While hand quilters love the look of a skillfully hand quilted quilt, and machine quilters appreciate the beauty and complexity of fine machine quilting, tying a quilt can be equally rewarding.
Many tied quilts are simply tied in the corners between the blocks, leaving the blocks as open space. Other quilts are tied in the center of each block with either yarn or perle cotton.
The best ties are washable, won’t unravel, will stay tied, and are strong enough to hold together when they are tied. Even with those considerations, why not add a little flair? Using embroidery floss or cording might be a possibility. And instead of using yarn or perle cotton, try a ribbon.
And what about adding something interesting in the tie? Sew a cute shaped button – say a train or fire truck – onto your quilt, and then tie the knot on the back of the quilt. Simply pull your thread from the back of the quilt, attach the button, and knot the thread, just as you would sew a button on a shirt.

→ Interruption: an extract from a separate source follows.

(* Let $H$ be a reasonable Hintikka tree with induced measure $\beta$, and for a sentence $\varphi$ of depth $d$ let $\boldsymbol{\varphi} = \sum_{\delta^{(d)} \in \mathrm{dnf}(\varphi)} \chi_{[\delta^{(0)}\cdots\delta^{(d)}]} \in L^2(\Psi^\omega, \beta)$. Then for all sentences $\varphi, \varphi_1, \varphi_2$: (1) $\langle \boldsymbol{\varphi}, \boldsymbol{\lnot\varphi} \rangle = 0$; (2) $\boldsymbol{\varphi_1 \lor \varphi_2} = \boldsymbol{\varphi_1} \oplus \boldsymbol{\varphi_2}$, where $(f \oplus g)(x) = \max(f(x), g(x))$; (3) if $\langle \boldsymbol{\varphi_1}, \boldsymbol{\varphi_2} \rangle = 0$ then $\varphi_1 \models \lnot \varphi_2$.
   Context: $L$ is a first-order language without equality with finitely many predicate symbols and no function or constant symbols. For $d \in \mathbb{N}$, $\Delta^{(d)}$ is the finite set of Hintikka constituents of depth $d$ with no free variables ($\Delta^{(0)} = \{\top\}$); distinct constituents of the same depth are mutually exclusive, every sentence $\varphi$ of quantifier depth $d$ is logically equivalent to the disjunction of a set $\mathrm{dnf}(\varphi) \subseteq \Delta^{(d)}$ (its Hintikka distributive normal form), and $\mathrm{expand}(e,\delta^{(d)})\subseteq\Delta^{(d+e)}$ denotes the expansions of $\delta^{(d)}$, whose disjunction is equivalent to $\delta^{(d)}$. A fixed decidable criterion of trivial inconsistency for constituents is given; trivially inconsistent constituents are inconsistent (unsatisfiable). Refinement tree: on $\Delta = \bigcup_d \Delta^{(d)}$ put an edge from each $\delta^{(d)}$ to each member of $\mathrm{expand}(1,\delta^{(d)})$, keeping a constituent lying in several depth-$d$ expansions as child of only one of them. A Hintikka tree is a function $H: \Delta \to [0,1]$ with $H(\delta^{(0)}) = 1$ and $H(\delta) = \sum_{\delta' \text{ child of } \delta} H(\delta')$; it is reasonable if $H(\delta) > 0$ for every constituent $\delta$ that is not trivially inconsistent. $\Psi^\omega$ is the set of infinite root paths in the refinement tree with the topology generated by cylinders $[\delta^{(0)}\cdots\delta^{(d)}]$ (paths with that prefix; here $\delta^{(0)}\cdots\delta^{(d)}$ is the root path to $\delta^{(d)}$), $\beta$ is the unique Borel probability measure with $\beta([\delta^{(0)}\cdots\delta^{(d)}]) = H(\delta^{(d)})$, $\chi_X$ is the indicator of $X$, and $L^2(\Psi^\omega,\beta)$ has inner product $\langle f, g\rangle = \int f g\, d\beta$. *)

theory Defs
  imports "HOL-Probability.Probability" "HOL-Library.FSet"
begin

Another possibility is a bow. Instead of just knotting your quilt tie, finish it off with a bow. Add a large button under the bow for an even more interesting look. As added safety against the bow coming untied, double knot it.
And speaking of trains, trucks, and other things with wheels, make double-sided circles of fabric (yo-yos) and sew them onto your quilt as wheels of your vehicle, attaching them just in the center. You might even add a button on top, and make the fabric circle wheel able to spin around.
If you have a lattice on your quilt top, maybe you could lay down a narrow ribbon and tie it in place with ribbon ties every few inches along the way. If this quilt will be washed, you might want to secure the ribbon strips with other stitching as well.
Where you place the ties on your quilt can be interesting, too. Just as quilters stitch their quilting to make a design, your ties can add to the design of your quilt.
If your quilt has an ocean flavor, your ties can be like birds in the sky or whiskers on a seal. A basket quilt might have bows along with the handles of the baskets. And your Sunbonnet Sue might have ribbons on her hat.
Have fun with every aspect of your quilt – from sewing the blocks together to quilting the top – whether you hand quilt, machine quilt, or tie your quilt, finish it so someone you love can enjoy using it.